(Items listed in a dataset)
====

(* Let $f\colon\prod_{i\in[n]}X_i\to Y$ satisfy condition (BC), and let $\varphi_k\colon X_k\to Y$ ($k\in[n]$) be maps satisfying the boundary condition. The following are equivalent: (i) $\Phi_k^-\le\varphi_k\le\Phi_k^+$ (pointwise) for all $k\in[n]$; (ii) $f(\mathbf{x})=p_0(\varphi_1(x_1),\ldots,\varphi_n(x_n))$ for all $\mathbf{x}$, where $p_0(y_1,\ldots,y_n)=\bigvee_{I\subseteq[n]}\big(f(\widehat{\mathbf{1}}_I)\wedge\bigwedge_{i\in I}y_i\big)$; (iii) there exists a polynomial function $p\colon Y^n\to Y$ such that $f(\mathbf{x})=p(\varphi_1(x_1),\ldots,\varphi_n(x_n))$ for all $\mathbf{x}$.
   Context: $Y$ is a finite distributive lattice identified with a sublattice of $\mathcal{P}(U)$ for a finite set $U$, with least element $0=\emptyset$, greatest element $1=U$, and $\wedge,\vee$ being intersection and union; $\overline{S}=U\setminus S$. For $S\subseteq U$, $\operatorname{cl}(S)=\bigwedge\{y\in Y: y\ge S\}$, $\operatorname{int}(S)=\bigvee\{y\in Y: y\le S\}$. $[n]=\{1,\ldots,n\}$; $X_1,\ldots,X_n$ are arbitrary sets with at least two elements, each with two fixed distinct elements $0_{X_k},1_{X_k}$ (written $0,1$). For $\mathbf{x}\in\prod_i X_i$ and $a\in X_k$, $\mathbf{x}_k^a$ is $\mathbf{x}$ with $k$-th component replaced by $a$. For $I\subseteq[n]$, $\widehat{\mathbf{1}}_I$ is the tuple whose $i$-th component is $1_{X_i}$ if $i\in I$ and $0_{X_i}$ otherwise; an empty meet equals $1$. A map $\varphi_k\colon X_k\to Y$ satisfies the boundary condition if $\varphi_k(0_{X_k})\le\varphi_k(x_k)\le\varphi_k(1_{X_k})$ for all $x_k$. A polynomial function $Y^n\to Y$ is a composition of $\wedge,\vee$ with variables and constants. Condition (BC): $f(\mathbf{x}_k^0)\le f(\mathbf{x})\le f(\mathbf{x}_k^1)$ for all $k\in[n]$ and all $\mathbf{x}$. For $k\in[n]$, $a_k\in X_k$: $$\Phi_k^-(a_k)=\bigvee_{\mathbf{x}:\,x_k=a_k}\operatorname{cl}\big(f(\mathbf{x})\wedge\overline{f(\mathbf{x}_k^0)}\big),\qquad \Phi_k^+(a_k)=\bigwedge_{\mathbf{x}:\,x_k=a_k}\operatorname{int}\big(f(\mathbf{x})\vee\overline{f(\mathbf{x}_k^1)}\big),$$ ranging over all $\mathbf{x}$ with $k$-th component $a_k$. *)

theory Defs
  imports "HOL-Library.FuncSet"
begin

====

* WHAT YOU WILL DO *
Print all entries again, exactly.

* THE ANSWER *
(* Let $f\colon\prod_{i\in[n]}X_i\to Y$ satisfy condition (BC), and let $\varphi_k\colon X_k\to Y$ ($k\in[n]$) be maps satisfying the boundary condition. The following are equivalent: (i) $\Phi_k^-\le\varphi_k\le\Phi_k^+$ (pointwise) for all $k\in[n]$; (ii) $f(\mathbf{x})=p_0(\varphi_1(x_1),\ldots,\varphi_n(x_n))$ for all $\mathbf{x}$, where $p_0(y_1,\ldots,y_n)=\bigvee_{I\subseteq[n]}\big(f(\widehat{\mathbf{1}}_I)\wedge\bigwedge_{i\in I}y_i\big)$; (iii) there exists a polynomial function $p\colon Y^n\to Y$ such that $f(\mathbf{x})=p(\varphi_1(x_1),\ldots,\varphi_n(x_n))$ for all $\mathbf{x}$.
   Context: $Y$ is a finite distributive lattice identified with a sublattice of $\mathcal{P}(U)$ for a finite set $U$, with least element $0=\emptyset$, greatest element $1=U$, and $\wedge,\vee$ being intersection and union; $\overline{S}=U\setminus S$. For $S\subseteq U$, $\operatorname{cl}(S)=\bigwedge\{y\in Y: y\ge S\}$, $\operatorname{int}(S)=\bigvee\{y\in Y: y\le S\}$. $[n]=\{1,\ldots,n\}$; $X_1,\ldots,X_n$ are arbitrary sets with at least two elements, each with two fixed distinct elements $0_{X_k},1_{X_k}$ (written $0,1$). For $\mathbf{x}\in\prod_i X_i$ and $a\in X_k$, $\mathbf{x}_k^a$ is $\mathbf{x}$ with $k$-th component replaced by $a$. For $I\subseteq[n]$, $\widehat{\mathbf{1}}_I$ is the tuple whose $i$-th component is $1_{X_i}$ if $i\in I$ and $0_{X_i}$ otherwise; an empty meet equals $1$. A map $\varphi_k\colon X_k\to Y$ satisfies the boundary condition if $\varphi_k(0_{X_k})\le\varphi_k(x_k)\le\varphi_k(1_{X_k})$ for all $x_k$. A polynomial function $Y^n\to Y$ is a composition of $\wedge,\vee$ with variables and constants. Condition (BC): $f(\mathbf{x}_k^0)\le f(\mathbf{x})\le f(\mathbf{x}_k^1)$ for all $k\in[n]$ and all $\mathbf{x}$. For $k\in[n]$, $a_k\in X_k$: $$\Phi_k^-(a_k)=\bigvee_{\mathbf{x}:\,x_k=a_k}\operatorname{cl}\big(f(\mathbf{x})\wedge\overline{f(\mathbf{x}_k^0)}\big),\qquad \Phi_k^+(a_k)=\bigwedge_{\mathbf{x}:\,x_k=a_k}\operatorname{int}\big(f(\mathbf{x})\vee\overline{f(\mathbf{x}_k^1)}\big),$$ ranging over all $\mathbf{x}$ with $k$-th component $a_k$. *)

theory Defs
  imports "HOL-Library.FuncSet"
begin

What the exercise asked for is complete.